Most of its 80 acres are arable, and it has historically been used to grow potatoes, turnips, wheat, oats and barley. Over the hundred years that it belonged to the Moses and Cheney families, "Nantucket Island served as an outdoor laboratory for marine biology, ornithology and horticulture".

==History==
In 1806, William Gactomb became the first settler on the island. In 1829 Moses Cheney, son of William Cheney of Cheney Island, also settled on the island and his son the naturalist Simeon .F. Cheney lived out seventy years on the island. As of 1831, the island was jointly owned by William Hazen and William Pagan.

The island was historically seen as a trove of flora and Fauna to be studied, with naturalist Spencer Fullerton Baird visiting the island six times before 1886 and writing in his 1869 report to the Smithsonian Institution about the island.

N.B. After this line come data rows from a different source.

lemma transf_comp:
  assumes "\<And>x. x \<in> {1..n} \<Longrightarrow> g1 (int x) \<in> {1..int n} \<and> g2 (g1 (int x)) = g (int x)"
  shows "transf n g2 \<circ> transf n g1 = transf n g"
proof
  fix x
  show "(transf n g2 \<circ> transf n g1) x = transf n g x"
  proof (cases "x \<in> {1..n}")
    case True
    with assms[OF True] have "nat (g1 (int x)) \<in> {1..n}" by auto
    with assms[OF True] True show ?thesis by (simp add: transf_apply)
  next
    case False
    then show ?thesis by (simp only: comp_apply transf_outside[OF False])
  qed
qed

lemma contraction_transf:
  assumes "\<And>x. x \<in> {1..n} \<Longrightarrow> g (int x) \<in> {1..int n}"
    and "\<And>x y. \<bar>g x - g y\<bar> \<le> \<bar>x - y\<bar>"
  shows "contraction n (transf n g)"
  unfolding contraction_def
proof (intro ballI)
  fix x y assume "x \<in> {1..n}" "y \<in> {1..n}"
  with assms(1)[of x] assms(1)[of y] assms(2)[of "int x" "int y"]
  show "\<bar>int (transf n g x) - int (transf n g y)\<bar> \<le> \<bar>int x - int y\<bar>"
    by (simp add: transf_apply)
qed

lemma order_preserving_transf:
  assumes "mono g"
  shows "order_preserving n (transf n g)"
  unfolding order_preserving_def
proof (intro ballI impI)
  fix x y assume "x \<in> {1..n}" "y \<in> {1..n}" "x \<le> y"
  moreover have "g (int x) \<le> g (int y)"
    using \<open>mono g\<close> \<open>x \<le> y\<close> by (simp add: monoD)
  ultimately show "transf n g x \<le> transf n g y"
    by (simp add: transf_apply nat_mono)
qed

lemma order_reversing_transf:
  assumes "antimono g"
  shows "order_reversing n (transf n g)"
  unfolding order_reversing_def
proof (intro ballI impI)
  fix x y assume "x \<in> {1..n}" "y \<in> {1..n}" "x \<le> y"
  moreover have "g (int y) \<le> g (int x)"
    using \<open>antimono g\<close> \<open>x \<le> y\<close> by (simp add: antimonoD)
  ultimately show "transf n g y \<le> transf n g x"
    by (simp add: transf_apply nat_mono)
qed

lemma collapse_fun_range:
  "valid_collapse n s e k q \<Longrightarrow> x \<in> {1..int n} \<Longrightarrow> collapse_fun s e k q x \<in> {1..int n}"
  by (auto simp: collapse_defs)

lemma collapse_fun_contraction:
  "\<bar>collapse_fun s e k q x - collapse_fun s e k q y\<bar> \<le> \<bar>x - y\<bar>"
  by (auto simp: collapse_defs)

lemma mono_collapse_fun: "mono (collapse_fun s True k q)"
  by (auto simp: collapse_defs intro: monoI)

lemma antimono_collapse_fun: "antimono (collapse_fun s False k q)"
  by (auto simp: collapse_defs intro: antimonoI)

lemma collapse_in_Tn:
  assumes "valid_collapse n s e k q"
  shows "collapse n s e k q \<in> Tn n"
  unfolding collapse_def by (rule transf_in_Tn, rule collapse_fun_range[OF assms]) auto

In 1910, a male lark bunting was shot on the island by Allen Moses, later determined to be only the fourth specimen caught along the Eastern coast.

There were visits to the island as well by Senator George F. Edmunds at Baird's recommendation, as well as naturalists Addison Emery Verrill, Francis Hobart Herrick and others.

In 1909, John Russell purchased the island from Cheney.

==Today==
NB Tourism recommends not landing on the island, as resident bulls may be hostile. Salmon aquaculture sites sit on the eastern side of the island.